2

在机械革命Umi Pro 3的Windows上安装tensorflow的踩坑记录(With RTX 3060 Laptop)

 2 years ago
source link: https://blog.tsinghuamakerxian.cn/pages/787b52/#%E8%A7%A3%E5%86%B3
Go to the source link to view the article. You can view the picture content, updated content and better typesetting reading experience. If the link is broken, please click the button below to view the snapshot at that time.
neoserver,ios ssh client

在机械革命Umi Pro 3的Windows上安装tensorflow的踩坑记录(With RTX 3060 Laptop)

# 前言

本来打算在这个机子上装Arch跑开发的,然而因为Linux上糟糕的国内软件支持(上台机子上QQ for Linux/Wine QQ/Wine TIM就没跑起来连续超过10分钟过),以及放不下Microsoft Office,最终还是留在了Windows里面进行开发。

最近刚好有个深度学习的活,那就顺便把TF装了吧,3060的算力肯定比我之前的2400G要好,我想。

然后我就开始了这个踩坑之旅

# Anaconda大坑

本来我想用Anaconda装的,然而30系显卡只支持CUDA11,Anaconda上对Windows提供的最新TF版本是2.3.0(至少清华镜像源是这样),同时TF2.4+的版本才支持CUDA11。
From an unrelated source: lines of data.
text \<open>The Gaussian \<open>g\<^sub>s(x) = exp (-\<pi> |x|^2 / s^2)\<close> on \<open>\<real>^d\<close> has Fourier transform
  \<open>s^d g\<^bsub>1/s\<^esub>\<close>, so \<open>Q\<^sub>s = g\<^sub>s + s^d g\<^bsub>1/s\<^esub>\<close> is its own Fourier transform, and so is the
  nonnegative series \<open>S = \<Sum>\<^sub>k Q\<^bsub>s\<^sub>k\<^esub> / s\<^sub>k^(d+1)\<close> with \<open>s\<^sub>k = 2^(k+1)\<close>. On the dyadic shell
  \<open>2^k \<le> |x| < 2^(k+1)\<close> the \<open>k\<close>-th term alone is at least \<open>e^-\<pi> (2|x|)^-(d+1)\<close>, so \<open>S\<close>
  decays no faster than \<open>|x|^-(d+1)\<close>. Subtracting a large multiple of the rapidly decaying
  self-dual function \<open>Q\<^sub>1 = 2 exp (-\<pi> |x|^2)\<close> from a large multiple of \<open>S\<close> makes the value
  at the origin negative without affecting this tail.\<close>

lemma
  fixes \<theta> :: real
  shows integrable_std_gaussian_cis:
      "integrable lborel (\<lambda>x. complex_of_real (exp (- (x^2) / 2)) * cis (\<theta> * x))"
    and integral_std_gaussian_cis:
      "(\<integral>x. complex_of_real (exp (- (x^2) / 2)) * cis (\<theta> * x) \<partial>lborel)
         = complex_of_real (sqrt (2 * pi) * exp (- (\<theta>^2) / 2))"
proof -
  have eq: "complex_of_real (exp (- (x^2) / 2)) * cis (\<theta> * x)
      = complex_of_real (sqrt (2 * pi)) * (std_normal_density x *\<^sub>R iexp (\<theta> * x))" for x
    by (simp add: std_normal_density_def cis_conv_exp scaleR_conv_of_real mult.commute)
  have "(\<lambda>x. std_normal_density x *\<^sub>R iexp (\<theta> * x)) \<in> borel_measurable lborel"
    by measurable
  then have "integrable lborel (\<lambda>x. std_normal_density x *\<^sub>R iexp (\<theta> * x))"
    by (rule Bochner_Integration.integrable_bound[where f = std_normal_density, rotated])
       (auto simp: norm_exp_eq_Re)
  then show "integrable lborel (\<lambda>x. complex_of_real (exp (- (x^2) / 2)) * cis (\<theta> * x))"
    unfolding eq by (rule integrable_mult_right)
  have "(\<integral>x. std_normal_density x *\<^sub>R iexp (\<theta> * x) \<partial>lborel) = char std_normal_distribution \<theta>"
    unfolding char_def by (subst integral_density) auto
  also have "\<dots> = complex_of_real (exp (- (\<theta>^2) / 2))"
    by (simp add: char_std_normal_distribution)
  finally show "(\<integral>x. complex_of_real (exp (- (x^2) / 2)) * cis (\<theta> * x) \<partial>lborel)
         = complex_of_real (sqrt (2 * pi) * exp (- (\<theta>^2) / 2))"
    unfolding eq integral_mult_right_zero by simp
qed
(* Let $P=(V;\leq)$ be a poset and let $L=(V;\sqsubseteq)$ be a linear extension of $P$ such that whenever $x<y$ in $P$ there is $z\in V$ with $x\sqsubset z\sqsubset y$ and $z$ incomparable in $P$ to both $x$ and $y$. Then there is a poset $Q$ on the set $V\times\{0,1,2\}$ whose restriction to $V\times\{1\}$ is isomorphic to $P$ and whose restrictions to $V\times\{0\}$ and to $V\times\{2\}$ are isomorphic to $L$ (so $Q$ is a union of a copy of $P$ and two copies of $L$), such that $\bigcup AM_3(Q)=Q$ and $AM_3(Q)$ is isomorphic to $L$.
   Context: A linear extension of $P$ is a linear order on $V$ containing $\leq$. $AM_3(Q)$ is the set of three-element maximal antichains of $Q$, ordered by domination ($X\leq Y$ iff each $x\in X$ is below some $y\in Y$), and $\bigcup AM_3(Q)$ is the union of these antichains. *)

theory Defs
  imports Main
begin

definition poset_on :: "'a set \<Rightarrow> 'a rel \<Rightarrow> bool" where
  "poset_on V r \<longleftrightarrow> r \<subseteq> V \<times> V \<and> partial_order_on V r"

definition linear_extension :: "'a set \<Rightarrow> 'a rel \<Rightarrow> 'a rel \<Rightarrow> bool" where
  "linear_extension V r l \<longleftrightarrow> l \<subseteq> V \<times> V \<and> linear_order_on V l \<and> r \<subseteq> l"

definition order_iso :: "'a set \<Rightarrow> 'a rel \<Rightarrow> 'b set \<Rightarrow> 'b rel \<Rightarrow> ('a \<Rightarrow> 'b) \<Rightarrow> bool" where
  "order_iso A r B s f \<longleftrightarrow> bij_betw f A B \<and>
     (\<forall>x\<in>A. \<forall>y\<in>A. (x, y) \<in> r \<longleftrightarrow> (f x, f y) \<in> s)"

definition isomorphic :: "'a set \<Rightarrow> 'a rel \<Rightarrow> 'b set \<Rightarrow> 'b rel \<Rightarrow> bool" where
  "isomorphic A r B s \<longleftrightarrow> (\<exists>f. order_iso A r B s f)"

definition restrict_rel :: "'a rel \<Rightarrow> 'a set \<Rightarrow> 'a rel" where
  "restrict_rel r S = r \<inter> (S \<times> S)"

definition antichain_in :: "'a set \<Rightarrow> 'a rel \<Rightarrow> 'a set \<Rightarrow> bool" where
  "antichain_in A r X \<longleftrightarrow> X \<subseteq> A \<and> (\<forall>x\<in>X. \<forall>y\<in>X. (x, y) \<in> r \<longrightarrow> x = y)"

definition maximal_antichain :: "'a set \<Rightarrow> 'a rel \<Rightarrow> 'a set \<Rightarrow> bool" where
  "maximal_antichain A r X \<longleftrightarrow> antichain_in A r X \<and>
     (\<forall>Y. antichain_in A r Y \<and> X \<subseteq> Y \<longrightarrow> Y = X)"

definition AM3 :: "'a set \<Rightarrow> 'a rel \<Rightarrow> 'a set set" where
  "AM3 A r = {X. maximal_antichain A r X \<and> card X = 3}"

definition dom_rel :: "'a rel \<Rightarrow> 'a set set \<Rightarrow> 'a set rel" where
  "dom_rel r M = {(X, Y). X \<in> M \<and> Y \<in> M \<and> (\<forall>x\<in>X. \<exists>y\<in>Y. (x, y) \<in> r)}"

end

theory Submission imports Defs begin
因此Anaconda的方案Pass。

# 官方Python的大坑

然后,我就下载了官方的python安装器。安装之后,我手贱执行了python -m pip install -u pip的操作,这个命令执行正常,但是等更新到pip 21.0.1之后,pip再装任何包用任何源都会报ssl错误。。。重装降级pip(从源码安装,因为pip已经不能用了)、重装python都不顶用。。。所以这个python算是废了。(不要问我为啥不手动安装,我懒得人工解析依赖,尤其是tf这种大包)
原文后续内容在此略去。